→ **ASSIGNED TASK**
Please copy the leading lines of the entries below exactly, concluding with the line in which "(Yg i # mono_word Xg k a)" occurs.

┄┄┄┄┄┄┄┄┄┄┄┄┄┄┄┄┄┄┄┄

text \<open>The key rewriting rule: y_i x^a equals x^(a - e_i) if a_i \<ge> 1 (using y_i x_i = 1), and
  x^a y_i otherwise (using that y_i commutes with x_j for j \<noteq> i).\<close>

lemma Y_past_X:
  assumes "i < n"
  shows "k \<le> n \<Longrightarrow> wcong n TYPE('k::field) (Yg i # mono_word Xg k a)
     (if i < k \<and> 1 \<le> a i then mono_word Xg k (a(i := a i - 1)) else mono_word Xg k a @ [Yg i])"
proof (induction k)
  case (Suc k)
  let ?R = "replicate (a k) (Xg k)"
  have Rw: "?R \<in> words n" using Suc.prems by (auto simp: words_def)
  have rw: "mono_word Xg k a \<in> words n" by (rule mono_word_words) (use Suc.prems in auto)
  show ?case
  proof (cases "i = k")
    case True
    show ?thesis
    proof (cases "a k")
      case (Suc r)
      have "replicate r (Xg k) @ mono_word Xg k a \<in> words n" using Suc.prems rw by (auto simp: words_def)
      then have "wcong n TYPE('k) ([] @ [Yg k, Xg k] @ replicate r (Xg k) @ mono_word Xg k a)
          ([] @ [] @ replicate r (Xg k) @ mono_word Xg k a)"
        using Suc.prems by (intro wc_ctx wc_YX) auto
      then show ?thesis using True Suc by (simp add: mono_word_upd)
    qed (use Suc.IH Suc.prems True in simp)
  next
    case False
    have "wcong n TYPE('k) (Yg i # ?R) (?R @ [Yg i])"
      using Suc.prems Rw False assms by (intro wc_commute) (auto intro: wc_sym[OF wc_XY])
    from wc_ctxR[OF this rw]
    have "wcong n TYPE('k) (Yg i # mono_word Xg (Suc k) a) (?R @ Yg i # mono_word Xg k a)" by simp
    also have "wcong n TYPE('k) \<dots> (?R @ (if i < k \<and> 1 \<le> a i then mono_word Xg k (a(i := a i - 1))
        else mono_word Xg k a @ [Yg i]))"
      by (rule wc_ctxL[OF Suc.IH Rw]) (use Suc.prems in simp)
    also have "\<dots> = (if i < Suc k \<and> 1 \<le> a i then mono_word Xg (Suc k) (a(i := a i - 1))
        else mono_word Xg (Suc k) a @ [Yg i])"
    proof -
      have cond: "(i < Suc k \<and> 1 \<le> a i) = (i < k \<and> 1 \<le> a i)" and neq: "k \<noteq> i" using False by auto
      show ?thesis unfolding cond
        by (cases "i < k \<and> 1 \<le> a i")
          (simp_all only: simp_thms if_True if_False mono_word.simps fun_upd_other[OF neq] append_assoc)
    qed
    finally show ?thesis .
  qed
qed (use wc_refl[where 'k='k] in simp)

┄┄┄┄┄┄┄┄┄┄┄┄┄┄┄┄┄┄┄┄

→ **RESULT OF THIS TASK**
text \<open>The key rewriting rule: y_i x^a equals x^(a - e_i) if a_i \<ge> 1 (using y_i x_i = 1), and
  x^a y_i otherwise (using that y_i commutes with x_j for j \<noteq> i).\<close>

lemma Y_past_X:
  assumes "i < n"
  shows "k \<le> n \<Longrightarrow> wcong n TYPE('k::field) (Yg i # mono_word Xg k a)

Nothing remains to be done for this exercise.